When asked about the current FTC and its prospective role in enforcing KOSA, Blumenthal said he shared similar concerns.
“I’m not sure how we would exactly address it,” Blumenthal said, while adding that they could look into other possibilities of “enabling other enforcers and also safeguards against potential infringement on rights and liberties.”
“But I’m more worried about the absence of enforcement from an FTC that has no real regard for the law,” he added.
Blumenthal and Blackburn have brought up the Kids Online Safety Act in the past few sessions of Congress. The bill saw its biggest momentum last year, when it passed the Senate in a 91-3 vote.
But even after a last-ditch push by Elon Musk and other tech company executives to address GOP concerns over free speech, it stalled in the House without getting a floor vote before the end of last year.
Some major tech companies have endorsed the Senate version of KOSA. But NetChoice, a tech trade association representing members like Meta and Snap, has lobbied against passage in previous sessions of Congress. After Tuesday’s House hearing, the group was complimentary of House Republicans’ efforts on the 19 online safety bills before the committee and said it wants to work with the committee to “refine” the various tech proposals.

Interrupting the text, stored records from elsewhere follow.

lemma sum_lag_weights_le:
  fixes w :: "nat \<Rightarrow> real"
  assumes "summable w" "\<And>k. 0 \<le> w k"
  shows "(\<Sum>j<n. if j = i then 1 else w (if j < i then i - j else j - i)) \<le> 1 + 2 * suminf w"
proof -
  have "(\<Sum>j<n. if j = i then 1 else w (if j < i then i - j else j - i))
     = (\<Sum>j<n. if j = i then 1 else 0) + (\<Sum>j\<in>{j\<in>{..<n}. j < i}. w (i - j))
       + (\<Sum>j\<in>{j\<in>{..<n}. i < j}. w (j - i))"
    unfolding sum.inter_filter[OF finite_lessThan] sum.distrib[symmetric] by (intro sum.cong) auto
  also have "\<dots> \<le> 1 + suminf w + suminf w"
  proof (intro add_mono)
    show "(\<Sum>j<n. if j = i then 1 else 0) \<le> (1::real)"
      by (cases "i < n") simp_all
    show "(\<Sum>j\<in>{j\<in>{..<n}. j < i}. w (i - j)) \<le> suminf w"
      by (rule sum_comp_inj_on_le_suminf) (use assms in \<open>auto simp: inj_on_def\<close>)
    show "(\<Sum>j\<in>{j\<in>{..<n}. i < j}. w (j - i)) \<le> suminf w"
      by (rule sum_comp_inj_on_le_suminf) (use assms in \<open>auto simp: inj_on_def\<close>)
  qed
  finally show ?thesis by simp
qed

lemma integral_square_sum_centered_indicators_le:
  assumes "prob_space M"
    and A: "\<And>i. A i \<in> sets M" and prob_A: "\<And>i. measure M (A i) = p"
    and cov: "\<And>i j. i < j \<Longrightarrow> \<bar>measure M (A i \<inter> A j) - p * p\<bar> \<le> w (j - i)"
    and w: "summable w" "\<And>k. 0 \<le> w k"
  shows "integrable M (\<lambda>\<omega>. (\<Sum>i<n. indicator (A i) \<omega> - p)\<^sup>2)"
    and "(\<integral>\<omega>. (\<Sum>i<n. indicator (A i) \<omega> - p)\<^sup>2 \<partial>M) \<le> real n * (1 + 2 * suminf w)"
proof -
  interpret prob_space M by fact
  have product_eq: "(indicator (A i) \<omega> - p) * (indicator (A j) \<omega> - p)
      = indicator (A i \<inter> A j) \<omega> - p * indicator (A j) \<omega> - p * indicator (A i) \<omega> + p * p"
    for i j and \<omega> :: 'a
    by (simp add: indicator_def algebra_simps)
  have integrable_product: "integrable M (\<lambda>\<omega>. (indicator (A i) \<omega> - p) * (indicator (A j) \<omega> - p))" for i j
    unfolding product_eq using A by (auto intro!: integrable_real_indicator simp: less_top[symmetric])
  have integral_product: "(\<integral>\<omega>. (indicator (A i) \<omega> - p) * (indicator (A j) \<omega> - p) \<partial>M)
      = measure M (A i \<inter> A j) - p * p" for i j
  proof -
    have "A i \<inter> A j \<in> sets M" using A by blast
    then show ?thesis
      unfolding product_eq using A[of i] A[of j] prob_A[of i] prob_A[of j]
      by (simp add: prob_space integrable_real_indicator less_top[symmetric])
  qed
  have p: "0 \<le> p" "p \<le> 1" using prob_A[of 0] by auto
  have cov_le: "\<bar>measure M (A i \<inter> A j) - p * p\<bar> \<le> (if j = i then 1 else w (if j < i then i - j else j - i))"
    for i j
  proof (cases i j rule: linorder_cases)
    case equal
    have "p * p \<le> p" using p by (simp add: mult_left_le_one_le)
    then show ?thesis
      using equal p prob_A[of i] by (simp add: abs_le_iff) (use zero_le_square[of p] in linarith)
  qed (use cov[of i j] cov[of j i] in \<open>auto simp: Int_commute\<close>)
  have square_eq: "(\<Sum>i<n. indicator (A i) \<omega> - p)\<^sup>2
      = (\<Sum>i<n. \<Sum>j<n. (indicator (A i) \<omega> - p) * (indicator (A j) \<omega> - p))" for \<omega> :: 'a
    by (simp add: power2_eq_square sum_product)
  show "integrable M (\<lambda>\<omega>. (\<Sum>i<n. indicator (A i) \<omega> - p)\<^sup>2)"
    unfolding square_eq by (simp add: integrable_product)
  have "(\<integral>\<omega>. (\<Sum>i<n. indicator (A i) \<omega> - p)\<^sup>2 \<partial>M) = (\<Sum>i<n. \<Sum>j<n. measure M (A i \<inter> A j) - p * p)"
    unfolding square_eq by (simp add: integrable_product integral_product)
  also have "\<dots> \<le> (\<Sum>i<n. \<Sum>j<n. if j = i then 1 else w (if j < i then i - j else j - i))"
    using cov_le by (intro sum_mono) (simp add: abs_le_iff)
  also have "\<dots> \<le> (\<Sum>i<n. 1 + 2 * suminf w)"
    by (intro sum_mono sum_lag_weights_le w)
  finally show "(\<integral>\<omega>. (\<Sum>i<n. indicator (A i) \<omega> - p)\<^sup>2 \<partial>M) \<le> real n * (1 + 2 * suminf w)"
    by simp
qed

That could lead to an even bigger gulf between House and Senate lawmakers involved in trying to get children’s online safety protections signed into law.
On the Senate side, Blumenthal and Blackburn reintroduced KOSA earlier this year and are hoping for another vote in the Senate Committee on Commerce, Science and Transportation. The bill has already advanced out of that committee several times in past sessions.
They still see a path for working out the differences in Congress and trying to get it through this time around.
“This bill has a dynamic that eventually will push it over the finish line. Whenever I talk to parents, the No. 1 concern on their mind is their kids’ safety on the internet,” Blumenthal said. “So it’s just a question of what we can get done and how quickly.”